More Alike Than We Think

Today, we said goodbye to Helsinki (after just a short 18 hours) and visited the Education Department at Kirkkonummi City Hall. Mr. Mikael Flemmic, the Head of Early Childhood and General Education (aka Superintendent) spoke with us about curricula, Boards, and what he considers challenges and successes of the Finnish educational system. He discussed the three layers of education (national, municipal, school) in Finland and the National Core Curriculum and explained how the National Core Curriculum is a thin (although they would like it to be thinner) set of learning outcomes for students set by the National Board of Education. Within those frameworks, local curricula is developed, and within that, schools develop their own curricula. Teachers then determine the tasks and necessary methods to meet the goals of the developed curricula. To me, this was strikingly similar to the way we approach curriculum in ECS. We have the Common Core State Standards and the Colorado Academic Standards (Common Core plus some) set forth by the state. We have our ECS Units of Study that are developed from the standards and then teachers apply the methods and tasks. Mr. Flemmic made a big point to say that how the curriculum is taught is always up to the teachers.
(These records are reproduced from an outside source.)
lemma Gcd_remove_dvd_if_not_LR:
  fixes V :: "int set"
  assumes "lonely_runner_holds (card V - 1)" "card V \<ge> 3" "0 \<notin> V" "\<not> LR V" "v \<in> V"
  shows "Gcd (V - {v}) dvd v"
proof (rule ccontr)
  define k d where "k = card V" and "d = Gcd (V - {v})"
  assume "\<not> Gcd (V - {v}) dvd v"
  then have "\<not> d dvd v" unfolding d_def .
  have "finite V" using assms(2) card.infinite by fastforce
  have "card (V - {v}) = k - 1" unfolding k_def using \<open>finite V\<close> assms(5) by simp
  then have "V - {v} \<noteq> {}" using assms(2) unfolding k_def by (intro notI) simp
  then have "d \<noteq> 0" using assms(3) unfolding d_def by auto
  moreover have "d \<noteq> 1" "d \<ge> 0" using \<open>\<not> d dvd v\<close> unfolding d_def by auto
  ultimately have "d \<ge> 2" by linarith
  have "\<forall>w\<in>V - {v}. d dvd w" unfolding d_def by (simp add: Gcd_dvd)
  then obtain t where t: "\<forall>w\<in>V - {v}. \<forall>m::int. dist_int ((t + of_int m) / of_int d * of_int w) \<ge> 1 / real k"
    using lonely_runner_holds_dvd[of k "V - {v}" d] assms(1,2,3) \<open>finite V\<close> \<open>card (V - {v}) = k - 1\<close>
    unfolding k_def by auto
  obtain m where m: "dist_int ((t + of_int m) * of_int v / of_int d) \<ge> 1/4"
    using ex_shift_dist_int_ge_quarter[OF \<open>d \<ge> 2\<close> \<open>\<not> d dvd v\<close>] by blast
  have "1 / (real k + 1) \<le> 1/4" "1 / (real k + 1) \<le> 1 / real k"
    using assms(2) unfolding k_def by (simp_all add: field_simps)
  have "dist_int ((t + of_int m) / of_int d * of_int w) \<ge> 1 / (real k + 1)" if "w \<in> V" for w
  proof (cases "w = v")
    case True
    then have "(t + of_int m) / of_int d * of_int w = (t + of_int m) * of_int v / of_int d" by simp
    then show ?thesis using m \<open>1 / (real k + 1) \<le> 1/4\<close> by (metis order.trans)
  next
    case False
    then show ?thesis using t that \<open>1 / (real k + 1) \<le> 1 / real k\<close> by (meson DiffI order.trans singletonD)
  qed
  then have "LR V" unfolding LR_def k_def by blast
  with assms(4) show False ..
qed

definition abs_residue :: "int \<Rightarrow> int \<Rightarrow> int" where
  "abs_residue M v = min (v mod M) (M - v mod M)"

lemma abs_residue_dvd_iff:
  assumes "d dvd M"
  shows "d dvd abs_residue M v \<longleftrightarrow> d dvd v"
  using assms by (simp add: abs_residue_def min_def dvd_diff_right_iff dvd_mod_iff)

lemma abs_residue_mem_range:
  assumes "M > 0" "\<not> M dvd v"
  shows "abs_residue M v \<in> {1 .. M div 2}"
proof -
  have "0 \<le> v mod M" "v mod M < M" using assms(1) by simp_all
  then have "0 \<le> abs_residue M v" "2 * abs_residue M v \<le> M"
    unfolding abs_residue_def by (simp_all add: min_def)
  moreover have "abs_residue M v \<noteq> 0"
    using abs_residue_dvd_iff[of M M v] assms(2) by (metis dvd_0_right dvd_refl)
  moreover have "(2 * abs_residue M v) div 2 \<le> M div 2"
    using \<open>2 * abs_residue M v \<le> M\<close> by (rule zdiv_mono1) simp
  ultimately show ?thesis by simp
qed

lemma dist_int_abs_residue:
  assumes "M > 0"
  shows "dist_int (of_int j * of_int (abs_residue M v) / of_int M) = dist_int (of_int j * of_int v / of_int M)"
proof -
  have shift: "dist_int (of_int j * of_int (s * v + M * q) / of_int M) = dist_int (of_int j * of_int v / of_int M)"
    if "s = 1 \<or> s = -1" for s q :: int
  proof -
    have "real_of_int j * of_int (s * v + M * q) / of_int M = of_int s * (of_int j * of_int v / of_int M) + of_int (j * q)"
      using assms by (simp add: field_simps)
    then have "dist_int (of_int j * of_int (s * v + M * q) / of_int M) = dist_int (of_int s * (of_int j * of_int v / of_int M))"
      by (metis dist_int_add_of_int)
    then show ?thesis using that by auto
  qed
  have "v mod M = v - M * (v div M)" by (simp add: minus_mult_div_eq_mod)
  then have "abs_residue M v = 1 * v + M * (- (v div M)) \<or> abs_residue M v = (-1) * v + M * (1 + v div M)"
    unfolding abs_residue_def min_def by (simp add: ring_distribs)
  then show ?thesis using shift by metis
qed
(* Let $1\ge l_1\ge l_2\ge\dots\ge l_p>0$ and let $\Omega=J_l$ be the sorted $\ell_1$ (SLOPE) norm. Fix $J\subset\{1,\dots,p\}$ and let $g$ be the gauge norm described in the context, built from all subsets $S\subset\{1,\dots,p\}$ as allowed sets. Then $g(\beta)=l_p\|\beta\|_1$ for all $\beta\in\mathbb{R}^p$.
   Context: $J_l(\beta):=l_1|\beta|_{(1)}+\dots+l_p|\beta|_{(p)}$, where $|\beta|_{(1)}\ge\dots\ge|\beta|_{(p)}$ are the ordered absolute values of the entries of $\beta$. For $S\subset\{1,\dots,p\}$, $\beta_S$ is the vector with entries $\beta_j1\{j\in S\}$, and $|\beta|_{(1,S)}\ge\dots\ge|\beta|_{(|S|,S)}$ denote the ordered values of $\{|\beta_j|:j\in S\}$. Every $S$ is allowed, with $\Omega^{S^{c}}(\beta_{S^{c}}):=\sum_{i=1}^{|S^{c}|}l_{|S|+i}|\beta|_{(i,S^{c})}$, and $\Upsilon_S(\beta):=J_l(\beta_S)+\Omega^{S^{c}}(\beta_{S^{c}})=\sum_{j=1}^{|S|}l_j|\beta|_{(j,S)}+\sum_{i=1}^{|S^{c}|}l_{|S|+i}|\beta|_{(i,S^{c})}$. Let $\beta_{f(J)}:=\beta_J-\beta_{J^{c}}$, $\mathrm{flip}_J(B):=\{\beta_{f(J)}:\beta\in B\}$, $\overline{B}:=\bigcup_{S}\{\beta:\Upsilon_S(\beta)\le1\}$, $B_g:=\mathrm{Conv}(\overline{B}\cup\mathrm{flip}_J(\overline{B}))$, and $g(x):=\inf\{t>0:x\in tB_g\}$. *)

theory Defs
  imports "HOL-Analysis.Analysis" "HOL-Library.Multiset"
begin

text \<open>Vectors in R^p are modelled as real ^ 'n with p = CARD('n).
  Weights l are indexed l 1, ..., l p (l :: nat => real).\<close>

text \<open>Ordered absolute values of the entries of beta indexed by S, in nonincreasing
  order; element number k-1 (0-based) of this list is |beta|_(k,S).\<close>
definition ord_abs :: "real ^ 'n \<Rightarrow> 'n set \<Rightarrow> real list" where
  "ord_abs \<beta> S = rev (sorted_list_of_multiset (image_mset (\<lambda>j. \<bar>\<beta> $ j\<bar>) (mset_set S)))"

definition J_l :: "(nat \<Rightarrow> real) \<Rightarrow> real ^ 'n \<Rightarrow> real" where
  "J_l l \<beta> = (\<Sum>i<CARD('n). l (Suc i) * (ord_abs \<beta> UNIV ! i))"

definition restr :: "real ^ 'n \<Rightarrow> 'n set \<Rightarrow> real ^ 'n" where
  "restr \<beta> S = (\<chi> j. if j \<in> S then \<beta> $ j else 0)"

definition Omega_c :: "(nat \<Rightarrow> real) \<Rightarrow> 'n set \<Rightarrow> real ^ 'n \<Rightarrow> real" where
  "Omega_c l S \<beta> = (\<Sum>i<card (- S). l (card S + Suc i) * (ord_abs \<beta> (- S) ! i))"

definition Upsilon :: "(nat \<Rightarrow> real) \<Rightarrow> 'n set \<Rightarrow> real ^ 'n \<Rightarrow> real" where
  "Upsilon l S \<beta> = J_l l (restr \<beta> S) + Omega_c l S (restr \<beta> (- S))"

definition flip :: "'n set \<Rightarrow> real ^ 'n \<Rightarrow> real ^ 'n" where
  "flip J \<beta> = (\<chi> j. if j \<in> J then \<beta> $ j else - \<beta> $ j)"

definition Bbar :: "(nat \<Rightarrow> real) \<Rightarrow> (real ^ 'n) set" where
  "Bbar l = (\<Union>S. {\<beta>. Upsilon l S \<beta> \<le> 1})"

definition Bg :: "(nat \<Rightarrow> real) \<Rightarrow> 'n set \<Rightarrow> (real ^ 'n) set" where
  "Bg l J = convex hull (Bbar l \<union> flip J ` Bbar l)"

definition gauge_g :: "(nat \<Rightarrow> real) \<Rightarrow> 'n set \<Rightarrow> real ^ 'n \<Rightarrow> real" where
  "gauge_g l J x = Inf {t. t > 0 \<and> x \<in> (\<lambda>y. t *\<^sub>R y) ` Bg l J}"

end

theory Submission
  imports Defs
begin

text \<open>Every \<open>\<Upsilon>\<^sub>S\<close> uses each weight once and all weights are at least \<open>l\<^sub>p\<close>, so
  \<open>\<Upsilon>\<^sub>S(\<beta>) \<ge> l\<^sub>p \<parallel>\<beta>\<parallel>\<^sub>1\<close> and the whole of \<open>B\<^sub>g\<close> lies in the \<open>\<ell>\<^sub>1\<close>-ball of radius \<open>1/l\<^sub>p\<close>, which is
  convex and invariant under sign flips. Conversely, for \<open>S = {j}\<^sup>c\<close> the vector \<open>c e\<^sub>j\<close> has
  \<open>\<Upsilon>\<^sub>S(c e\<^sub>j) = l\<^sub>p |c|\<close>, so all vertices \<open>\<plusminus>e\<^sub>j/l\<^sub>p\<close> of that ball lie in \<open>B\<^sub>g\<close>. Hence \<open>B\<^sub>g\<close> is
  exactly this ball and its gauge is \<open>l\<^sub>p \<parallel>\<beta>\<parallel>\<^sub>1\<close>.\<close>

lemma mset_ord_abs: "mset (ord_abs \<beta> S) = image_mset (\<lambda>j. \<bar>\<beta> $ j\<bar>) (mset_set S)"
  by (simp add: ord_abs_def)

lemma length_ord_abs: "length (ord_abs (\<beta> :: real ^ 'n::finite) S) = card S"
  by (metis mset_ord_abs size_mset size_image_mset size_mset_set)

lemma sum_list_ord_abs: "sum_list (ord_abs (\<beta> :: real ^ 'n::finite) S) = (\<Sum>j\<in>S. \<bar>\<beta> $ j\<bar>)"
  by (metis mset_ord_abs sum_mset_sum_list sum_unfold_sum_mset)

lemma set_ord_abs: "set (ord_abs (\<beta> :: real ^ 'n::finite) S) = (\<lambda>j. \<bar>\<beta> $ j\<bar>) ` S"
  by (metis mset_ord_abs set_mset_mset set_image_mset finite finite_set_mset_mset_set)

lemma sum_list_weighted_ge:
  fixes xs :: "real list"
  assumes "\<And>i. i < length xs \<Longrightarrow> c \<le> w i" and "\<And>x. x \<in> set xs \<Longrightarrow> 0 \<le> x"
  shows "c * sum_list xs \<le> (\<Sum>i<length xs. w i * xs ! i)"
proof -
  have "c * sum_list xs = (\<Sum>i<length xs. c * xs ! i)"
    by (simp add: sum_list_sum_nth sum_distrib_left atLeast0LessThan)
  also have "\<dots> \<le> (\<Sum>i<length xs. w i * xs ! i)"
    by (intro sum_mono mult_right_mono) (auto simp: assms)
  finally show ?thesis .
qed

lemma l1_le_Upsilon:
  fixes l :: "nat \<Rightarrow> real" and \<beta> :: "real ^ 'n::finite"
  assumes mono: "\<And>i j. 1 \<le> i \<Longrightarrow> i \<le> j \<Longrightarrow> j \<le> CARD('n) \<Longrightarrow> l j \<le> l i"
  shows "l CARD('n) * (\<Sum>j\<in>UNIV. \<bar>\<beta> $ j\<bar>) \<le> Upsilon l S \<beta>"
proof -
  let ?L = "l CARD('n)"
  let ?xs = "ord_abs (restr \<beta> S) UNIV"
  let ?ys = "ord_abs (restr \<beta> (-S)) (-S)"
  have card_split: "card S + card (-S) = CARD('n)"
    using card_Un_disjoint[of S "-S"] by simp
  have "?L * sum_list ?xs \<le> (\<Sum>i<length ?xs. l (Suc i) * ?xs ! i)"
  proof (rule sum_list_weighted_ge)
    fix i assume "i < length ?xs"
    then show "?L \<le> l (Suc i)" by (intro mono) (auto simp: length_ord_abs)
  qed (auto simp: set_ord_abs)
  then have on_S: "?L * (\<Sum>j\<in>S. \<bar>\<beta> $ j\<bar>) \<le> J_l l (restr \<beta> S)"
    by (simp add: J_l_def length_ord_abs sum_list_ord_abs restr_def if_distrib sum.If_cases)
  have "?L * sum_list ?ys \<le> (\<Sum>i<length ?ys. l (card S + Suc i) * ?ys ! i)"
  proof (rule sum_list_weighted_ge)
    fix i assume "i < length ?ys"
    then show "?L \<le> l (card S + Suc i)"
      using card_split by (intro mono) (auto simp: length_ord_abs)
  qed (auto simp: set_ord_abs)
  then have off_S: "?L * (\<Sum>j\<in>-S. \<bar>\<beta> $ j\<bar>) \<le> Omega_c l S (restr \<beta> (-S))"
    by (simp add: Omega_c_def length_ord_abs sum_list_ord_abs restr_def)
  have "(\<Sum>j\<in>UNIV. \<bar>\<beta> $ j\<bar>) = (\<Sum>j\<in>S. \<bar>\<beta> $ j\<bar>) + (\<Sum>j\<in>-S. \<bar>\<beta> $ j\<bar>)"
    using sum.union_disjoint[of S "-S" "\<lambda>j. \<bar>\<beta> $ j\<bar>"] by simp
  with on_S off_S show ?thesis
    by (simp add: Upsilon_def distrib_left)
qed

lemma l1_flip: "(\<Sum>j\<in>UNIV. \<bar>flip J x $ j\<bar>) = (\<Sum>j\<in>UNIV. \<bar>x $ j\<bar>)"
  by (rule sum.cong) (auto simp: flip_def)

lemma convex_l1_ball: "convex {x :: real ^ 'n::finite. (\<Sum>j\<in>UNIV. \<bar>x $ j\<bar>) \<le> r}"
proof (rule convexI)
  fix x y :: "real ^ 'n" and u v :: real
  assume x: "x \<in> {x. (\<Sum>j\<in>UNIV. \<bar>x $ j\<bar>) \<le> r}" and y: "y \<in> {x. (\<Sum>j\<in>UNIV. \<bar>x $ j\<bar>) \<le> r}"
    and u: "0 \<le> u" and v: "0 \<le> v" and uv: "u + v = 1"
  have "(\<Sum>j\<in>UNIV. \<bar>(u *\<^sub>R x + v *\<^sub>R y) $ j\<bar>) \<le> (\<Sum>j\<in>UNIV. u * \<bar>x $ j\<bar> + v * \<bar>y $ j\<bar>)"
    using u v by (intro sum_mono) (simp add: abs_triangle_ineq[THEN order_trans] abs_mult)
  also have "\<dots> = u * (\<Sum>j\<in>UNIV. \<bar>x $ j\<bar>) + v * (\<Sum>j\<in>UNIV. \<bar>y $ j\<bar>)"
    by (simp add: sum.distrib sum_distrib_left)
  also have "\<dots> \<le> u * r + v * r"
    using x y u v by (intro add_mono mult_left_mono) auto
  finally show "u *\<^sub>R x + v *\<^sub>R y \<in> {x. (\<Sum>j\<in>UNIV. \<bar>x $ j\<bar>) \<le> r}"
    using uv by (simp add: distrib_right[symmetric])
qed

lemma l1_ball_subset_convex_hull_axes:
  fixes x :: "real ^ 'n::finite"
  assumes "(\<Sum>j\<in>UNIV. \<bar>x $ j\<bar>) \<le> r"
  shows "x \<in> convex hull {c *\<^sub>R axis j 1 | c j. \<bar>c\<bar> \<le> r}"
proof -
  let ?s = "\<Sum>j\<in>UNIV. \<bar>x $ j\<bar>"
  have axis_in: "c *\<^sub>R axis j 1 \<in> convex hull {c *\<^sub>R axis j 1 | c j. \<bar>c\<bar> \<le> r}"
    if "\<bar>c\<bar> \<le> r" for c and j :: 'n
    using that by (intro hull_inc) blast
  show ?thesis
  proof (cases "?s = 0")
    case True
    then have "x = 0 *\<^sub>R axis undefined 1"
      by (simp add: vec_eq_iff sum_nonneg_eq_0_iff)
    then show ?thesis
      using True assms axis_in[of 0] by simp
  next
    case False
    then have s_pos: "?s > 0"
      by (simp add: order_le_neq_trans sum_nonneg)
    have "(\<Sum>j\<in>UNIV. (\<bar>x $ j\<bar> / ?s) *\<^sub>R ((?s * sgn (x $ j)) *\<^sub>R axis j 1)) \<in> convex hull {c *\<^sub>R axis j 1 | c j. \<bar>c\<bar> \<le> r}"
    proof (rule convex_sum)
      show "(\<Sum>j\<in>UNIV. \<bar>x $ j\<bar> / ?s) = 1"
        using False by (simp add: sum_divide_distrib[symmetric])
      show "(?s * sgn (x $ j)) *\<^sub>R axis j 1 \<in> convex hull {c *\<^sub>R axis j 1 | c j. \<bar>c\<bar> \<le> r}" for j
        using s_pos assms by (intro axis_in) (simp add: abs_mult abs_sgn_eq)
    qed (use s_pos in auto)
    also have "(\<Sum>j\<in>UNIV. (\<bar>x $ j\<bar> / ?s) *\<^sub>R ((?s * sgn (x $ j)) *\<^sub>R axis j 1)) = x"
    proof -
      have "(\<bar>x $ j\<bar> / ?s) * (?s * sgn (x $ j)) = x $ j" for j
        using s_pos by (simp add: abs_mult_sgn)
      then show ?thesis
        using basis_expansion[of x] by (simp add: scalar_mult_eq_scaleR)
    qed
    finally show ?thesis .
  qed
qed

lemma J_l_zero: "J_l l (0 :: real ^ 'n::finite) = 0"
proof -
  have "ord_abs (0 :: real ^ 'n) UNIV ! i = 0" if "i < CARD('n)" for i
    using nth_mem[of i "ord_abs (0 :: real ^ 'n) UNIV"] that
    by (simp add: length_ord_abs set_ord_abs)
  then show ?thesis
    by (simp add: J_l_def)
qed

lemma Upsilon_scaled_axis:
  fixes l :: "nat \<Rightarrow> real" and j :: "'n::finite"
  shows "Upsilon l (-{j}) (c *\<^sub>R axis j 1 :: real ^ 'n) = l CARD('n) * \<bar>c\<bar>"
proof -
  let ?v = "c *\<^sub>R axis j 1 :: real ^ 'n"
  have "restr ?v (-{j}) = 0"
    by (simp add: vec_eq_iff restr_def axis_def)
  then have on_S: "J_l l (restr ?v (-{j})) = 0"
    by (simp add: J_l_zero)
  have "ord_abs (restr ?v {j}) {j} ! 0 \<in> set (ord_abs (restr ?v {j}) {j})"
    by (intro nth_mem) (simp add: length_ord_abs)
  then have "ord_abs (restr ?v {j}) {j} ! 0 = \<bar>c\<bar>"
    by (simp add: set_ord_abs restr_def axis_def)
  moreover have "card (-{j}) = CARD('n) - 1"
    by (simp add: Compl_eq_Diff_UNIV card_Diff_singleton)
  ultimately have "Omega_c l (-{j}) (restr ?v {j}) = l CARD('n) * \<bar>c\<bar>"
    by (simp add: Omega_c_def Suc_leI)
  with on_S show ?thesis
    by (simp add: Upsilon_def)
qed

lemma Bg_eq_l1_ball:
  fixes l :: "nat \<Rightarrow> real" and J :: "'n::finite set"
  assumes mono: "\<And>i j. 1 \<le> i \<Longrightarrow> i \<le> j \<Longrightarrow> j \<le> CARD('n) \<Longrightarrow> l j \<le> l i"
    and pos: "l CARD('n) > 0"
  shows "Bg l J = {x. l CARD('n) * (\<Sum>j\<in>UNIV. \<bar>x $ j\<bar>) \<le> 1}"
proof -
  let ?L = "l CARD('n)"
  have ball_eq: "{x :: real ^ 'n. ?L * (\<Sum>j\<in>UNIV. \<bar>x $ j\<bar>) \<le> 1}
      = {x. (\<Sum>j\<in>UNIV. \<bar>x $ j\<bar>) \<le> 1 / ?L}"
    using pos by (simp add: pos_le_divide_eq mult.commute)
  have Bbar_sub: "Bbar l \<subseteq> {x :: real ^ 'n. ?L * (\<Sum>j\<in>UNIV. \<bar>x $ j\<bar>) \<le> 1}"
  proof
    fix x :: "real ^ 'n" assume "x \<in> Bbar l"
    then obtain S where "Upsilon l S x \<le> 1"
      by (auto simp: Bbar_def)
    then show "x \<in> {x. ?L * (\<Sum>j\<in>UNIV. \<bar>x $ j\<bar>) \<le> 1}"
      using l1_le_Upsilon[of l x S, OF mono] by simp
  qed
  have "Bg l J \<subseteq> {x :: real ^ 'n. ?L * (\<Sum>j\<in>UNIV. \<bar>x $ j\<bar>) \<le> 1}"
    unfolding Bg_def
  proof (rule hull_minimal)
    show "Bbar l \<union> flip J ` Bbar l \<subseteq> {x. ?L * (\<Sum>j\<in>UNIV. \<bar>x $ j\<bar>) \<le> 1}"
      using Bbar_sub by (auto simp: l1_flip)
    show "convex {x :: real ^ 'n. ?L * (\<Sum>j\<in>UNIV. \<bar>x $ j\<bar>) \<le> 1}"
      unfolding ball_eq by (rule convex_l1_ball)
  qed
  moreover have "c *\<^sub>R axis j 1 \<in> Bbar l" if "\<bar>c\<bar> \<le> 1 / ?L" for c and j :: 'n
  proof -
    have "Upsilon l (-{j}) (c *\<^sub>R axis j 1) \<le> 1"
      using that pos by (simp add: Upsilon_scaled_axis pos_le_divide_eq mult.commute)
    then show ?thesis
      unfolding Bbar_def by blast
  qed
  then have "convex hull {c *\<^sub>R axis j 1 | c j. \<bar>c\<bar> \<le> 1 / ?L} \<subseteq> Bg l J"
    unfolding Bg_def by (intro hull_mono) blast
  then have "{x. ?L * (\<Sum>j\<in>UNIV. \<bar>x $ j\<bar>) \<le> 1} \<subseteq> Bg l J"
    unfolding ball_eq using l1_ball_subset_convex_hull_axes by blast
  ultimately show ?thesis
    by blast
qed

lemma Inf_scaled_sublevel:
  fixes f :: "'a::real_vector \<Rightarrow> real"
  assumes nonneg: "\<And>x. 0 \<le> f x"
    and homogeneous: "\<And>t x. 0 < t \<Longrightarrow> f (t *\<^sub>R x) = t * f x"
  shows "Inf {t. 0 < t \<and> x \<in> (\<lambda>y. t *\<^sub>R y) ` {y. f y \<le> 1}} = f x"
proof -
  have scaled_iff: "x \<in> (\<lambda>y. t *\<^sub>R y) ` {y. f y \<le> 1} \<longleftrightarrow> f x \<le> t" if t: "0 < t" for t
  proof
    assume "x \<in> (\<lambda>y. t *\<^sub>R y) ` {y. f y \<le> 1}"
    then obtain y where "f y \<le> 1" and "x = t *\<^sub>R y"
      by blast
    then show "f x \<le> t"
      using t homogeneous by (simp add: mult_left_le)
  next
    assume "f x \<le> t"
    then have "f (inverse t *\<^sub>R x) \<le> 1"
      using t homogeneous by (simp add: field_simps)
    moreover have "x = t *\<^sub>R (inverse t *\<^sub>R x)"
      using t by simp
    ultimately show "x \<in> (\<lambda>y. t *\<^sub>R y) ` {y. f y \<le> 1}"
      by blast
  qed
  show ?thesis
  proof (cases "f x = 0")
    case True
    then have "{t. 0 < t \<and> x \<in> (\<lambda>y. t *\<^sub>R y) ` {y. f y \<le> 1}} = {0<..}"
      using scaled_iff by auto
    with True show ?thesis
      by simp
  next
    case False
    then have "{t. 0 < t \<and> x \<in> (\<lambda>y. t *\<^sub>R y) ` {y. f y \<le> 1}} = {f x..}"
      using scaled_iff nonneg[of x] by force
    then show ?thesis
      by simp
  qed
qed

theorem lemma4:
  fixes l :: "nat \<Rightarrow> real" and J :: "'n::finite set" and \<beta> :: "real ^ 'n"
  assumes "l 1 \<le> 1"
    and "\<And>i j. 1 \<le> i \<Longrightarrow> i \<le> j \<Longrightarrow> j \<le> CARD('n) \<Longrightarrow> l j \<le> l i"
    and "l CARD('n) > 0"
  shows "gauge_g l J \<beta> = l CARD('n) * (\<Sum>j\<in>UNIV. \<bar>\<beta> $ j\<bar>)"
proof -
  have "Bg l J = {x. l CARD('n) * (\<Sum>j\<in>UNIV. \<bar>x $ j\<bar>) \<le> 1}"
    using assms(2,3) by (rule Bg_eq_l1_ball)
  moreover have "l CARD('n) * (\<Sum>j\<in>UNIV. \<bar>(t *\<^sub>R x) $ j\<bar>) = t * (l CARD('n) * (\<Sum>j\<in>UNIV. \<bar>x $ j\<bar>))"
    if "0 < t" for t and x :: "real ^ 'n"
    using that by (simp add: abs_mult sum_distrib_left algebra_simps)
  ultimately show ?thesis
    unfolding gauge_g_def
    by (simp add: Inf_scaled_sublevel sum_nonneg assms(3) less_imp_le)
qed

end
In addition to curriculum, we learned how much Kirkkonummi supports the “mother tongue”, Swedish. Since the community is more than 5% Swedish speaking, they are required, by law, to offer education in both Swedish and Finnish. They embrace the native language of their students and support the development of both languages in the early grades before adding on another language (or two!) in fourth grade and higher. This reminded me a lot of our shift towards dual language. 

After the presentation by Mr. Felmmic, we took a bus to Winellska School to visit both the comprehensive level (ages 7-15) and upper secondary school (ages 16-18). Class sizes were large (25-30) in the lower grades (1-4) and small in the upper grades (5-12). Kids were on their iPhones (brought from home) in every class and the technology used by teachers or available in the classroom was pretty minimal in this wealthy school. Kids were kids (one sang Adele’s “Hello” to me as I approached him and his friends in the hallway) but behavior didn’t seem to be an issue. They were in rows, for the most part. As for teachers, we saw them teaching the whole class from the front of the classroom. As the 20 people in our group paraded into each classroom, I wished we could stay longer (and be in smaller groups) to see a whole lesson, talk more to kids, or speak with teachers.
Today, we are scheduled to be in another school, and on Thursday we will get to go to two more. I can’t wait to see what trends might emerge and have more time to see instruction.


The big take-away for me today was that there are some striking similarities between our system in ECS and the Finnish Education System and while we have a lot to learn, they may have some things to learn from us as well.
--Jenna

Comments

Special Needs

I am curious how they integrate special needs students into the regular classroom....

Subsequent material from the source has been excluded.